It’s time you dig the hiking boots out of the closet and get over the idea that a trek through the woods is only a summer pursuit. A bit of frost on the ground, snow in the trees, or frozen breath in the air is no reason to resign the family to the couch. Just throw on a warm hat and gloves, thick socks, and an extra layer or two, and hit the trail. Together with your family you can rediscover your favorite hiking spots, or perhaps check out a new locale. We’ve got the best hikes in the Anne Arundel county area; hikes at the five parks listed below can be done year-round, though whether it be because of seasonal wildlife, enhanced vistas, or lack of usual crowds, they each hold special winter appeal.

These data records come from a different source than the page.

(* Let $n\ge 3$. For the Grassmannian ${\rm Gr}(3,n)$, the block diagonal matching field polytope $P_{\mathcal{B}_2}$ can be obtained from $P_{\mathcal{B}_1}$ by a sequence of combinatorial mutations.
   Context: For $k=3$: for each $3$-subset $I=\{i_1<i_2<i_3\}$ of $[n]$ a matching field assigns $\sigma=\Lambda(I)\in S_3$; its polytope $P_\Lambda\subset\mathbb{R}^{3\times n}$ is the convex hull of the vectors $\sum_{r=1}^3 e_{\sigma(r),i_r}$ ($e_{i,j}$ the standard basis matrices). For $0\le\ell\le n$, the block diagonal matching field $\mathcal{B}_\ell$ has $\mathcal{B}_\ell(I)=\mathrm{id}$ if $|I\cap\{1,\dots,\ell\}|\ne1$ and $(12)$ otherwise. Combinatorial mutation: with $N\cong\mathbb{Z}^d$, $M$ its dual, $w\in M$ primitive and $F\subset w^\perp\subset N_\mathbb{R}$ a lattice polytope, the tropical map is $\varphi_{w,F}(u)=u-(\min_{f\in F}\langle f,u\rangle)w$; if $P\subset M_\mathbb{R}$ is a lattice polytope containing the origin and $\varphi_{w,F}(P)$ is convex, it is a combinatorial mutation of $P$. A sequence of combinatorial mutations is a finite chain of polytopes in which consecutive polytopes are related, after identification via lattice-preserving affine isomorphisms (unimodular equivalences) of the lattices they span, either by a unimodular equivalence or by a combinatorial mutation. *)

theory Defs
  imports Complex_Main
begin
(* Let $(\Omega,\Sigma,\mu)$ be a measure space and $1<r<p<\infty$. There is a set $\Gamma$ of measures on $\Sigma$ such that $(L^{p,\infty}(\mu),\|\cdot\|_{L^{p,\infty}_r})$ lattice isometrically embeds into $(\bigoplus_{\nu\in\Gamma}(L^{p,\infty}(\nu),\|\cdot\|_{L^{p,\infty}_1}))_\infty$.
   Context: $L^{p,\infty}(\mu)$ is the space of measurable $f$ with $\sup_{t>0}t\,\mu(\{|f|>t\})^{1/p}<\infty$. For $1\le r<p$, $\|f\|_{L^{p,\infty}_r}=\sup_{0<\mu(A)<\infty}\mu(A)^{-\frac1r+\frac1p}(\int_A|f|^r\,d\mu)^{1/r}$; this is an equivalent lattice norm on $L^{p,\infty}(\mu)$. *)

theory Defs
  imports "HOL-Analysis.Analysis"
begin

definition enn_rpow :: "ennreal \<Rightarrow> real \<Rightarrow> ennreal" where
  "enn_rpow x a = (if x = \<infinity> then \<infinity> else ennreal (enn2real x powr a))"

definition weak_Lp :: "'a measure \<Rightarrow> real \<Rightarrow> ('a \<Rightarrow> real) \<Rightarrow> bool" where
  "weak_Lp M p f \<longleftrightarrow> f \<in> borel_measurable M \<and>
     (SUP t\<in>{0<..}. ennreal t * enn_rpow (emeasure M {x \<in> space M. t < \<bar>f x\<bar>}) (1 / p)) < \<infinity>"

definition wLp_norm :: "'a measure \<Rightarrow> real \<Rightarrow> real \<Rightarrow> ('a \<Rightarrow> real) \<Rightarrow> ennreal" where
  "wLp_norm M p r f =
     (SUP A\<in>{A \<in> sets M. 0 < emeasure M A \<and> emeasure M A < \<infinity>}.
        ennreal (measure M A powr (1 / p - 1 / r)) *
        enn_rpow (\<integral>\<^sup>+ x\<in>A. ennreal (\<bar>f x\<bar> powr r) \<partial>M) (1 / r))"

end

theory Submission
  imports Defs
begin

text \<open>For a bounded weight h \<ge> 0 supported on a set of finite measure, let
  \<nu>_h = (1 + h^r) \<mu> and T_h f = f h^(r-1) / (\<kappa> (1 + h^r)). For a set B with \<mu>(B) = m and
  \<integral>_B h^r = P, Holder's inequality gives
    \<nu>_h(B)^(1/p-1) \<integral>_B |T_h f| d\<nu>_h \<le> (m + P)^(1/p-1) P^(1-1/r) (\<integral>_B |f|^r)^(1/r) / \<kappa>,
  and weighted AM-GM bounds (m + P)^(1/p-1) P^(1-1/r) by \<kappa> m^(1/p-1/r). Hence every T_h is a
  contraction from L^(p,\<infinity>)_r(\<mu>) into L^(p,\<infinity>)_1(\<nu>_h). Taking h proportional to a truncation
  of |f| on a set A, scaled so that P/m = \<beta>/\<alpha>, turns both inequalities into equalities on A,
  and monotone convergence shows that the supremum over all weights recovers the norm.
  Each T_h is multiplication by a nonnegative function, hence a lattice homomorphism.\<close>

lemma enn_rpow_one [simp]: "enn_rpow x 1 = x"
  by (cases x) (auto simp: enn_rpow_def)

lemma enn_rpow_top [simp]: "enn_rpow top e = top"
  by (simp add: enn_rpow_def)

lemma enn_rpow_ennreal: "0 \<le> x \<Longrightarrow> enn_rpow (ennreal x) e = ennreal (x powr e)"
  by (simp add: enn_rpow_def)

lemma enn_rpow_mono:
  assumes "x \<le> y" "0 < e"
  shows "enn_rpow x e \<le> enn_rpow y e"
proof (cases "y = \<infinity>")
  case False
  then have "x \<noteq> \<infinity>" and "enn2real x \<le> enn2real y"
    using assms by (auto simp: top_unique enn2real_mono top.not_eq_extremum)
  then show ?thesis
    using False assms by (auto simp: enn_rpow_def intro!: ennreal_leI powr_mono2)
qed (simp add: enn_rpow_def)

Check the websites for possible entrance fees.

Merkle Wildlife Sanctuary
11704 Fenno Road, Upper Marlboro, MD 20772, 301-888-1377

Bird’s the word—more specifically, goose is the word—at Merkle Wildlife Sanctuary, where the fields and ponds play host to around 5,000 wintering Canada geese. If that sounds like a lot, it’s because it is, and just observing the strutting, preening and honking of this many geese could fill a short winter’s day. But if you can tear your kids away from the spectacle of so many birds in one place, pick one of the park’s three trails to explore. The Mounds Trail offers the most diverse scenery, cutting through deciduous forests as well as winding along a marsh. With the bare trees and lack of undergrowth in winter, your chances of spotting deer are high and if you’re lucky, you may even see a beaver hard at work.

Calvert Cliffs State Park
10540 H.G. Trueman Road, Lusby, MD 20657, 301-743-7613
Even the most hard-to-impress kids (and adults) can’t help but find it just a little bit cool to hold in their hands proof of life from 15 million years ago. And that is exactly what you can do at Calvert Cliffs State Park. The broad, flat, red-blazed trail meanders alongside a marsh for 1.8 miles before reaching a small Chesapeake Bay beach strewn with fossils from the Miocene era. Over 600 different fossils have been identified so far; put your own eye to the test trying to guess what life-form left its mark on the shells and rocks you find. 


Elk Neck State Park
4395 Turkey Point Road, North East, MD 21901, 410-287-5333

When the winter wind kicks up the waves in the Chesapeake and they crash hard against the shores of Eastern Maryland, the highest lighthouse on the Chesapeake holds a particular power. Only 35 feet tall but located on a 100-foot bluff, the Turkey Point Lighthouse at the end of the Elk Neck State Park peninsula is a beacon easily accessed via a short 1.0-mile hike down a wide path. Make the trip, and then stand with your kids on the shore and imagine what life might have been like in 1833, when the lighthouse was constructed to guide ships entering the shallow waters of the Chesapeake & Delaware Canal.

Rocks State Park
3318 Rocks Chrome Hill Road, Jarrettsville, MD 21084, 410-557-7994
The Susquehanna Indians found the 190-foot promontory that is the centerpiece of Rocks State Park to be fit for royalty, hence its current name of King & Queen’s Seat. The producers of the movie version of Tuck Everlasting thought it a pretty special place too, incorporating it into their film. You and your family will understand the appeal once you clamber up and over the many rocks for which the park is named and reach the renowned perch, from which the region spreads out in front of you. If it’s wet, save this hike for another day as it will be too slippery to be safe, but if it’s just a cold, crisp day, the view will be far and wide. The visitor’s center staff will help you map out a 2.2-mile circuit that ends with the King & Queen’s Seat or show you shorter and more direct routes to the goal. Before you leave the park, head to 19-foot Kilgore Falls to get acquainted with the second highest waterfall in Maryland. The winter mist makes it all the more alluring.


Adkins Arboretum
12610 Eveland Road, Ridgely, MD 21660, 410-634-2878

If your family can’t take a walk in the woods without making frequent stops to inspect the surrounding plant life and wonder just what you’re looking at, then head to Adkins Arboretum to take advantage of their free audio tour. The same system that keeps families entertained and in-the-know at museums has been adapted to the great outdoors. At 35 different stops along the arboretum’s 4 miles of pathways, you’ll get mini-lessons on plants common to the Delmarva Peninsula’s meadows and forests.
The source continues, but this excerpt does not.